#### [ASSIGNMENT]
Go through the listing below and output exactly the line with "real) \<Rightarrow> ('x \<Rightarrow> real)", the line with "then 1 else", and each line between; omit the rest.

#### [INFORMATION PROVIDED]
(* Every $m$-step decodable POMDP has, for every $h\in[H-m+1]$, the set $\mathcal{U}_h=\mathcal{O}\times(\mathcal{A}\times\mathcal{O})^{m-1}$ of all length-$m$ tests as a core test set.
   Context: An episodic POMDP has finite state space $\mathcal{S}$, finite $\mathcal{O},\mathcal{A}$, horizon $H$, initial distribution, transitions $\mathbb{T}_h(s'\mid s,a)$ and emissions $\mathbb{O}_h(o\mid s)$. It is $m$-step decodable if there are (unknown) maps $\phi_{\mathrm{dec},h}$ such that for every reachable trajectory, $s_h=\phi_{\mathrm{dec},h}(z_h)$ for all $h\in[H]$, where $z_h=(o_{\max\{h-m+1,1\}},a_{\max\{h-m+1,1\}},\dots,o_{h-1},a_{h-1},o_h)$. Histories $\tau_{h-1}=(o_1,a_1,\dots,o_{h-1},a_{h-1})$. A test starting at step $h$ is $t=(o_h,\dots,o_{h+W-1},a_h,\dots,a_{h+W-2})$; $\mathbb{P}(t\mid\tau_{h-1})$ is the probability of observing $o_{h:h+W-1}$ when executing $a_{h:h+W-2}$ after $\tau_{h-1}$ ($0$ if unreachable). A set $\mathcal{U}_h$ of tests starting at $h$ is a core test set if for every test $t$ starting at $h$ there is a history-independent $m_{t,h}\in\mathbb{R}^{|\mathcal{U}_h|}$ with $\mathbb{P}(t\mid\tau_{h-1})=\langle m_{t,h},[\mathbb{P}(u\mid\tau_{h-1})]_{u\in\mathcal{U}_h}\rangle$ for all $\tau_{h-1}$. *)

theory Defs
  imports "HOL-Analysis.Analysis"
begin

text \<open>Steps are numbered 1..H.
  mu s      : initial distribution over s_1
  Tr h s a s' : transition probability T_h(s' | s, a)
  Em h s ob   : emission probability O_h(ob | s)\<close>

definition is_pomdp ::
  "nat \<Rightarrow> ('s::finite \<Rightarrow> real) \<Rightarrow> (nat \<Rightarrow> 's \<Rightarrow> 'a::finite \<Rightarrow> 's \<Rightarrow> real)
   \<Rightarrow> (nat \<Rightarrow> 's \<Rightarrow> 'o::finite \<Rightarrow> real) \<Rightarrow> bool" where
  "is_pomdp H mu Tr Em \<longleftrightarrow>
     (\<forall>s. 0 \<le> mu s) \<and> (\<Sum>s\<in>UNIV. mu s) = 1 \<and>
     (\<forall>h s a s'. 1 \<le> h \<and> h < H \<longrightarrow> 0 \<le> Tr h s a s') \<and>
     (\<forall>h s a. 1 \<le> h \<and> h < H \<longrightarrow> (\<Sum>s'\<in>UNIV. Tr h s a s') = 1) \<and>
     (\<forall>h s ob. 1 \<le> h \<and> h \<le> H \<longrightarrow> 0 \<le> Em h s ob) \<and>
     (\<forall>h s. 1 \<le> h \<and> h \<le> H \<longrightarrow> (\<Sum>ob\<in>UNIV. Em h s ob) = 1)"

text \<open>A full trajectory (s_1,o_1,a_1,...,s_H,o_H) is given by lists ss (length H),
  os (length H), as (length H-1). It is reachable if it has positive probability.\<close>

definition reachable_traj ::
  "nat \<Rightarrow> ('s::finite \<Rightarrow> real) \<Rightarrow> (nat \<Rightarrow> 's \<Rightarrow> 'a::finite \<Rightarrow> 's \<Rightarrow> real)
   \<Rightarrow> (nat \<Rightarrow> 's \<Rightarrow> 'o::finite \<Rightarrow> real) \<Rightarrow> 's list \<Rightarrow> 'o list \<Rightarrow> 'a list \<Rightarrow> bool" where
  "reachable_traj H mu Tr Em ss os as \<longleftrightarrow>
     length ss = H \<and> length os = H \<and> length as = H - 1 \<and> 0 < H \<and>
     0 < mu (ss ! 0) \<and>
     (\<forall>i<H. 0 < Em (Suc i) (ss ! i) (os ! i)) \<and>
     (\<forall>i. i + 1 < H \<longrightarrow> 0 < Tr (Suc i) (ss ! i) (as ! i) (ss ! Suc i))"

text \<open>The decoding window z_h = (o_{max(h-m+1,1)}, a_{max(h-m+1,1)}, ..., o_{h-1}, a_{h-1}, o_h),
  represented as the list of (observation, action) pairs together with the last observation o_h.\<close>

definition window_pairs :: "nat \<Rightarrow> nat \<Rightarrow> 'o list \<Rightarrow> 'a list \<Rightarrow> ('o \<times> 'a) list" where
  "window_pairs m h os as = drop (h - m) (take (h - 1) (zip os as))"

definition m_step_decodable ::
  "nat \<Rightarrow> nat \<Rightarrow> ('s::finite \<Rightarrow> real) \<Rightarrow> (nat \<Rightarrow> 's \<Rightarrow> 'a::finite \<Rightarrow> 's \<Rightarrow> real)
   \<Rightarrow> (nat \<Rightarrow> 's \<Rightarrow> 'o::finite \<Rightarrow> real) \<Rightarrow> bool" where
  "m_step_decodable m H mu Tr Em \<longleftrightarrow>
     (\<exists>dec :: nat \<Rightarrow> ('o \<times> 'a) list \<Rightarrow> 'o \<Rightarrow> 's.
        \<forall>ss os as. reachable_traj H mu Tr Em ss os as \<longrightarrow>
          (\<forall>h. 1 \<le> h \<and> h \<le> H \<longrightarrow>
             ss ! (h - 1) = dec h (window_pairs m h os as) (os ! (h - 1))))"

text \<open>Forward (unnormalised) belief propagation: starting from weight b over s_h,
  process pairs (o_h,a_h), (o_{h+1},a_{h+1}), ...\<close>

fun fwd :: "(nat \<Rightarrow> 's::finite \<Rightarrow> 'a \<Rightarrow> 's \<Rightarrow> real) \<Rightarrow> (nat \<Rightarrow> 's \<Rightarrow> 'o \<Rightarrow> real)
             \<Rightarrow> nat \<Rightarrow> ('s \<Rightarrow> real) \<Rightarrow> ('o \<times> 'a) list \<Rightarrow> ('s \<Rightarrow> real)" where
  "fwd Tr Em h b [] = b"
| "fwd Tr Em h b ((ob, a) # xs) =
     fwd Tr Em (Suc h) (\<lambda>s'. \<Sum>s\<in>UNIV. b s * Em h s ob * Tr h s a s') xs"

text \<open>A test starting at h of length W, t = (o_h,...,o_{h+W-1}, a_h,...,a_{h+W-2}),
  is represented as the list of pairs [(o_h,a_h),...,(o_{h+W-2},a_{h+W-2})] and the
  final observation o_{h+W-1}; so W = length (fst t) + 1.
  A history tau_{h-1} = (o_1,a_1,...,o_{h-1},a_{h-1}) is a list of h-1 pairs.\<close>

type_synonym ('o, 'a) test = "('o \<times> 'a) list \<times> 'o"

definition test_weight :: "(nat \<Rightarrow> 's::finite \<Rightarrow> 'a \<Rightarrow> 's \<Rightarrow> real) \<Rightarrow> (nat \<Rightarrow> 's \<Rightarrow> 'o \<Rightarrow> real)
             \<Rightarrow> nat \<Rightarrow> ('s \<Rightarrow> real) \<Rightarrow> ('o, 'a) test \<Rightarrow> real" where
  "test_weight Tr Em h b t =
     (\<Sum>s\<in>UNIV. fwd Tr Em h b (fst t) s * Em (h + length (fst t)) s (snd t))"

==

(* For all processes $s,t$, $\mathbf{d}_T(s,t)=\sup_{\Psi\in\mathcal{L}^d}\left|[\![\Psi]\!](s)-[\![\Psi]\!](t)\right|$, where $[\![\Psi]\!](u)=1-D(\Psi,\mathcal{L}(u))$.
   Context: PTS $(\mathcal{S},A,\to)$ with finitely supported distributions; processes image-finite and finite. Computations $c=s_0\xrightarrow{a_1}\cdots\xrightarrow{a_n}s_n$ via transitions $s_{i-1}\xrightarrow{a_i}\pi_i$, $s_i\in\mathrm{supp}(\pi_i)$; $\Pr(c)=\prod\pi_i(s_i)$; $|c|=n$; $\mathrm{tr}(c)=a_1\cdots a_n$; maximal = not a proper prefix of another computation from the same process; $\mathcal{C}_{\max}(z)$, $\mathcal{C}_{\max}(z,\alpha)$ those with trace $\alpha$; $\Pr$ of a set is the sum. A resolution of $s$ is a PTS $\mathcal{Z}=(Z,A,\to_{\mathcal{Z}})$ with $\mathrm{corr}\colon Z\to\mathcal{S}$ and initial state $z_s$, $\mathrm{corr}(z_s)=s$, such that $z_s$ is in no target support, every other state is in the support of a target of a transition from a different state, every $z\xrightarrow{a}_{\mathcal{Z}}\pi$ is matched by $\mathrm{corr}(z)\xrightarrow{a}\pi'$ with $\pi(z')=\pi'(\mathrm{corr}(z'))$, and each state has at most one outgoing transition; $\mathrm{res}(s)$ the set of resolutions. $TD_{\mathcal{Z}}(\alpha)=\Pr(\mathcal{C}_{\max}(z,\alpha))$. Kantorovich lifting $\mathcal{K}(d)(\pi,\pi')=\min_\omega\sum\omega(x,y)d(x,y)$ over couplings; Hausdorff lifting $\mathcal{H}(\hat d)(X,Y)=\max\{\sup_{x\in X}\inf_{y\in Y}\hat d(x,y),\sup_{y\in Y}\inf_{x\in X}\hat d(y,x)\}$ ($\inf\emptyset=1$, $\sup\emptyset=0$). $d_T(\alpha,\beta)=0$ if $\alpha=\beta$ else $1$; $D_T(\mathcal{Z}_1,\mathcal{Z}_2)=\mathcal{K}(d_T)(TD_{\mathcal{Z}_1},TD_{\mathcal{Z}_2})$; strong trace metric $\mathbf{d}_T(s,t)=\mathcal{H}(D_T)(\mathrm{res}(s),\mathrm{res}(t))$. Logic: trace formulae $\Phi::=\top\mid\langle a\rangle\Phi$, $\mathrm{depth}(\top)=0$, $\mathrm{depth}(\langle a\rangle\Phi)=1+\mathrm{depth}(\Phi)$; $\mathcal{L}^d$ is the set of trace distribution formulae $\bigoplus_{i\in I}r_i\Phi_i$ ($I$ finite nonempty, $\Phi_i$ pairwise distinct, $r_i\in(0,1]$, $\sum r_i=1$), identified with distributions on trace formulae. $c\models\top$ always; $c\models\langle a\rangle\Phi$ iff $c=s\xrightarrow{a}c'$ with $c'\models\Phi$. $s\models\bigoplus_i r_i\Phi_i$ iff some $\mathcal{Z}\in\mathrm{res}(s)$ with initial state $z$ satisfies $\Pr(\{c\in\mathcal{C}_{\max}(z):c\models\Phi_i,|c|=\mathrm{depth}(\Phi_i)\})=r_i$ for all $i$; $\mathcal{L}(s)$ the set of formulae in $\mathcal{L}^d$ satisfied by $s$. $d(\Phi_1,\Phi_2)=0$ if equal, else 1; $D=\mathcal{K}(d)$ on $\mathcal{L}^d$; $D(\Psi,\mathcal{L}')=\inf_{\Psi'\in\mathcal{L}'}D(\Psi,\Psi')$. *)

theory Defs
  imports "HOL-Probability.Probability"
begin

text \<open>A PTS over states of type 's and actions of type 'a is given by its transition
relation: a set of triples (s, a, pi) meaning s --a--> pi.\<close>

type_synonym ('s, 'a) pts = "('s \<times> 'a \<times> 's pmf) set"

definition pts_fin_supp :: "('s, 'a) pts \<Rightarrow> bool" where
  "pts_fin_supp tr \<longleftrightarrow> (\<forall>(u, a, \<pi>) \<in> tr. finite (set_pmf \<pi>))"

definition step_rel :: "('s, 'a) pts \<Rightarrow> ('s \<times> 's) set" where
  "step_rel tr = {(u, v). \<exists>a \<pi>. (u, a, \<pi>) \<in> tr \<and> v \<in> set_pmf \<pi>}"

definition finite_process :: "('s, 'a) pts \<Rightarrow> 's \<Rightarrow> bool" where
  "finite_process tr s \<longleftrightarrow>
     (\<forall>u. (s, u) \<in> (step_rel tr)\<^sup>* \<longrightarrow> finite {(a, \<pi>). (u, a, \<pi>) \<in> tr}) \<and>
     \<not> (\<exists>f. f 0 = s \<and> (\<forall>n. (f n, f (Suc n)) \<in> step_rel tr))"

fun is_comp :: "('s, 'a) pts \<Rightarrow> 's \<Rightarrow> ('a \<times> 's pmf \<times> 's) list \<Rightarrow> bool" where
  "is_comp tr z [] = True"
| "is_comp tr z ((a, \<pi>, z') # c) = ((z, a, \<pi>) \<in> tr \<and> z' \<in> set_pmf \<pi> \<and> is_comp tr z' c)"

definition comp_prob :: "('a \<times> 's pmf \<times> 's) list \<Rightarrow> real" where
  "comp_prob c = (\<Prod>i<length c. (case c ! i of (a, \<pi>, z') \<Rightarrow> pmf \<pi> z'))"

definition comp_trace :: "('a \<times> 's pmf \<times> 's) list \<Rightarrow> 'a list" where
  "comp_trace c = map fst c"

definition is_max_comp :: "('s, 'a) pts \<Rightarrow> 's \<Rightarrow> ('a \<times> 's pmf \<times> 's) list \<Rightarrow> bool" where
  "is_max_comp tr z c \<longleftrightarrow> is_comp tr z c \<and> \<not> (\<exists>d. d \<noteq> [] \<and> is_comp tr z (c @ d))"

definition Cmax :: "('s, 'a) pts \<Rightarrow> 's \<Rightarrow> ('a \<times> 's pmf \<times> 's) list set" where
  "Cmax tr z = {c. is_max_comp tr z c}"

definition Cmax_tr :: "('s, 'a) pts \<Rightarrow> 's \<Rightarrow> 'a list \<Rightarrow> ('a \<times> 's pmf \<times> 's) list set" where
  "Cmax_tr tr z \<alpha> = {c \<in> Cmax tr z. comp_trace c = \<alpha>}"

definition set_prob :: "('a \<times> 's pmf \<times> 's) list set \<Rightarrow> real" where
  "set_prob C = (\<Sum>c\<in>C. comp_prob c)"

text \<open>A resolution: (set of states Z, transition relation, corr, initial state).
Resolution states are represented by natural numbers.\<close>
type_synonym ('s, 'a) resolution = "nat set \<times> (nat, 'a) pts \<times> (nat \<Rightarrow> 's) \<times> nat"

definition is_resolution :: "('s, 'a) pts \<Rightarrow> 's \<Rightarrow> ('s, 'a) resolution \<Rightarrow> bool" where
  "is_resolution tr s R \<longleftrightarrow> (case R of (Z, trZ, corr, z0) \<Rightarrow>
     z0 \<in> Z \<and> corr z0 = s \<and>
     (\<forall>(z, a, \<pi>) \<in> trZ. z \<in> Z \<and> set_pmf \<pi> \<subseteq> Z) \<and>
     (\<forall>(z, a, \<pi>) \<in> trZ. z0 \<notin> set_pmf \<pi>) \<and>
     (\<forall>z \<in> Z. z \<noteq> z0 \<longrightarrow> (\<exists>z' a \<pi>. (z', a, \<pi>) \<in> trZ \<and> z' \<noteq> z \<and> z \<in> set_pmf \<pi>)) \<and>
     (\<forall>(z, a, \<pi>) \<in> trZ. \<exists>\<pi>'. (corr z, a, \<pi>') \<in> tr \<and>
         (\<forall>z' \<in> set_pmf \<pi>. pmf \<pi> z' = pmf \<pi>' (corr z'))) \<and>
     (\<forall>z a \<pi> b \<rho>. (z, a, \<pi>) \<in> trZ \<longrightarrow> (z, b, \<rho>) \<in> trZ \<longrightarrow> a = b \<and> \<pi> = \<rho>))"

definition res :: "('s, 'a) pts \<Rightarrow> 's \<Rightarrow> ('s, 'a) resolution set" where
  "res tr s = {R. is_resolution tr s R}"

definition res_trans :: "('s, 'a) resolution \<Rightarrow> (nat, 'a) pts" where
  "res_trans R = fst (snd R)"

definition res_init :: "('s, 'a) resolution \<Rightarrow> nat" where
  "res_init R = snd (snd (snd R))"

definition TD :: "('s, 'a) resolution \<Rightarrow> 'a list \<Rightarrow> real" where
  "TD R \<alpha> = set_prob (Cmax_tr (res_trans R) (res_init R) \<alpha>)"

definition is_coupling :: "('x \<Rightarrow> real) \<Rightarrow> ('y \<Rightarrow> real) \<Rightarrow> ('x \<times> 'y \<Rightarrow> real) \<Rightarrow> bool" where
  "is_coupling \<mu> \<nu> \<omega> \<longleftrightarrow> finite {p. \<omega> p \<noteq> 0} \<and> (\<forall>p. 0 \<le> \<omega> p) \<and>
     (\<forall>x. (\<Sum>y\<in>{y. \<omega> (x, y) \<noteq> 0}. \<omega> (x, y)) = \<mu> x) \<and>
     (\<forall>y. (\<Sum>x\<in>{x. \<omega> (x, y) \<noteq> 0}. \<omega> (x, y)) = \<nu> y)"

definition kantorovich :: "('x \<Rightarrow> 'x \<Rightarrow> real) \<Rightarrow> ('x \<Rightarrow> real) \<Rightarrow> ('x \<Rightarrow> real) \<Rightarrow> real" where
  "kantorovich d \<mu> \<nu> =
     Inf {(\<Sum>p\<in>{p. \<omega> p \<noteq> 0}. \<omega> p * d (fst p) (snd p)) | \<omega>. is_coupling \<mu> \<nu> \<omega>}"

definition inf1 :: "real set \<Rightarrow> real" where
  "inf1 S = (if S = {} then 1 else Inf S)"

#### [EXERCISE SOLUTION]
definition kantorovich :: "('x \<Rightarrow> 'x \<Rightarrow> real) \<Rightarrow> ('x \<Rightarrow> real) \<Rightarrow> ('x \<Rightarrow> real) \<Rightarrow> real" where
  "kantorovich d \<mu> \<nu> =
     Inf {(\<Sum>p\<in>{p. \<omega> p \<noteq> 0}. \<omega> p * d (fst p) (snd p)) | \<omega>. is_coupling \<mu> \<nu> \<omega>}"

definition inf1 :: "real set \<Rightarrow> real" where
  "inf1 S = (if S = {} then 1 else Inf S)"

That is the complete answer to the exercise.